# Exercise directions
What is the number of lines below that contain the word "shows"? Give only that number.

─── Records for processing ───

lemma abs_set_integral_diff_le_measure:
  fixes u :: "'a \<Rightarrow> real"
  assumes A: "A \<in> fmeasurable M" and B: "B \<in> fmeasurable M" and u: "u \<in> borel_measurable M"
    and bd: "AE x in M. x \<in> A \<union> B \<longrightarrow> \<bar>u x\<bar> \<le> C" and C: "0 \<le> C"
  shows "\<bar>(\<integral>x\<in>A. u x \<partial>M) - (\<integral>x\<in>B. u x \<partial>M)\<bar> \<le> C * (measure M (A - B) + measure M (B - A))"
proof -
  have AB: "A - B \<in> fmeasurable M" "B - A \<in> fmeasurable M"
    using A B by auto
  have "AE x in M. x \<in> A \<longrightarrow> \<bar>u x\<bar> \<le> C" "AE x in M. x \<in> B \<longrightarrow> \<bar>u x\<bar> \<le> C"
    using bd by (eventually_elim, auto)+
  then have iA: "integrable M (\<lambda>x. indicator A x *\<^sub>R u x)"
    and iB: "integrable M (\<lambda>x. indicator B x *\<^sub>R u x)"
    using integrable_indicator_scaleR_AE_bounded A B u by blast+
  have "(\<integral>x\<in>A. u x \<partial>M) - (\<integral>x\<in>B. u x \<partial>M)
      = (\<integral>x. indicator A x *\<^sub>R u x - indicator B x *\<^sub>R u x \<partial>M)"
    unfolding set_lebesgue_integral_def using iA iB by simp
  also have "\<bar>\<dots>\<bar> \<le> (\<integral>x. \<bar>indicator A x *\<^sub>R u x - indicator B x *\<^sub>R u x\<bar> \<partial>M)"
    by (rule integral_abs_bound)
  also have "\<dots> \<le> (\<integral>x. C * indicator (A - B) x + C * indicator (B - A) x \<partial>M)"
  proof (rule integral_mono_AE)
    show "integrable M (\<lambda>x. \<bar>indicator A x *\<^sub>R u x - indicator B x *\<^sub>R u x\<bar>)"
      using iA iB by auto
    show "integrable M (\<lambda>x. C * indicator (A - B) x + C * indicator (B - A) x :: real)"
      using AB by (intro Bochner_Integration.integrable_add integrable_mult_right integrable_real_indicator)
        (auto simp: fmeasurable_def)
    show "AE x in M. \<bar>indicator A x *\<^sub>R u x - indicator B x *\<^sub>R u x\<bar>
        \<le> C * indicator (A - B) x + C * indicator (B - A) x"
      using bd by eventually_elim (use C in \<open>auto simp: indicator_def\<close>)
  qed
  also have "\<dots> = C * (measure M (A - B) + measure M (B - A))"
    using AB by (subst Bochner_Integration.integral_add) (auto simp: fmeasurable_def distrib_left)
  finally show ?thesis .
qed

lemma abs_measure_diff_le_measure_Diff:
  assumes A: "A \<in> fmeasurable M" and B: "B \<in> fmeasurable M"
  shows "\<bar>measure M A - measure M B\<bar> \<le> measure M (A - B) + measure M (B - A)"
proof -
  have "measure M A = measure M (A \<inter> B) + measure M (A - B)"
    using measure_Un2[of "A \<inter> B" M A] fmeasurable.Int[OF A B] A
    by (simp add: Un_absorb1 Diff_Int)
  moreover have "measure M B = measure M (A \<inter> B) + measure M (B - A)"
    using measure_Un2[of "A \<inter> B" M B] fmeasurable.Int[OF A B] B
    by (simp add: Un_absorb1 Diff_Int Int_commute)
  ultimately show ?thesis
    using measure_nonneg[of M "A - B"] measure_nonneg[of M "B - A"] by linarith
qed

lemma abs_divide_diff_le:
  fixes a b \<alpha> \<beta> C S :: real
  assumes "0 < \<alpha>" "0 < \<beta>" "0 \<le> C"
    and "\<bar>a - b\<bar> \<le> C * S" "\<bar>b\<bar> \<le> C * \<beta>" "\<bar>\<alpha> - \<beta>\<bar> \<le> S"
  shows "\<bar>a / \<alpha> - b / \<beta>\<bar> \<le> 2 * C * S / \<alpha>"
proof -
  have split_diff: "a / \<alpha> - b / \<beta> = (a - b) / \<alpha> + b * (\<beta> - \<alpha>) / (\<alpha> * \<beta>)"
    using assms by (simp add: field_simps)
  have 1: "\<bar>(a - b) / \<alpha>\<bar> \<le> C * S / \<alpha>"
    using assms by (simp add: divide_right_mono abs_div)
  have "\<bar>b * (\<beta> - \<alpha>)\<bar> \<le> (C * \<beta>) * S"
    unfolding abs_mult using assms by (intro mult_mono) (auto simp: abs_minus_commute)
  then have "\<bar>b * (\<beta> - \<alpha>)\<bar> / (\<alpha> * \<beta>) \<le> (C * \<beta>) * S / (\<alpha> * \<beta>)"
    using assms by (intro divide_right_mono) auto
  then have 2: "\<bar>b * (\<beta> - \<alpha>) / (\<alpha> * \<beta>)\<bar> \<le> C * S / \<alpha>"
    using assms by (simp add: abs_div abs_mult)
  have "\<bar>a / \<alpha> - b / \<beta>\<bar> \<le> C * S / \<alpha> + C * S / \<alpha>"
    unfolding split_diff by (rule order_trans[OF abs_triangle_ineq add_mono[OF 1 2]])
  then show ?thesis
    by simp
qed

lemma abs_set_average_le:
  fixes u :: "'a \<Rightarrow> real"
  assumes "A \<in> fmeasurable M" "u \<in> borel_measurable M"
    and "AE x in M. x \<in> A \<longrightarrow> \<bar>u x\<bar> \<le> C" "0 \<le> C"
  shows "\<bar>set_average M A u\<bar> \<le> C"
  using abs_set_integral_le_measure[OF assms] assms(4) measure_nonneg[of M A]
  unfolding set_average_def by (cases "measure M A = 0") (auto simp: abs_div divide_le_eq)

───

# Task solution
4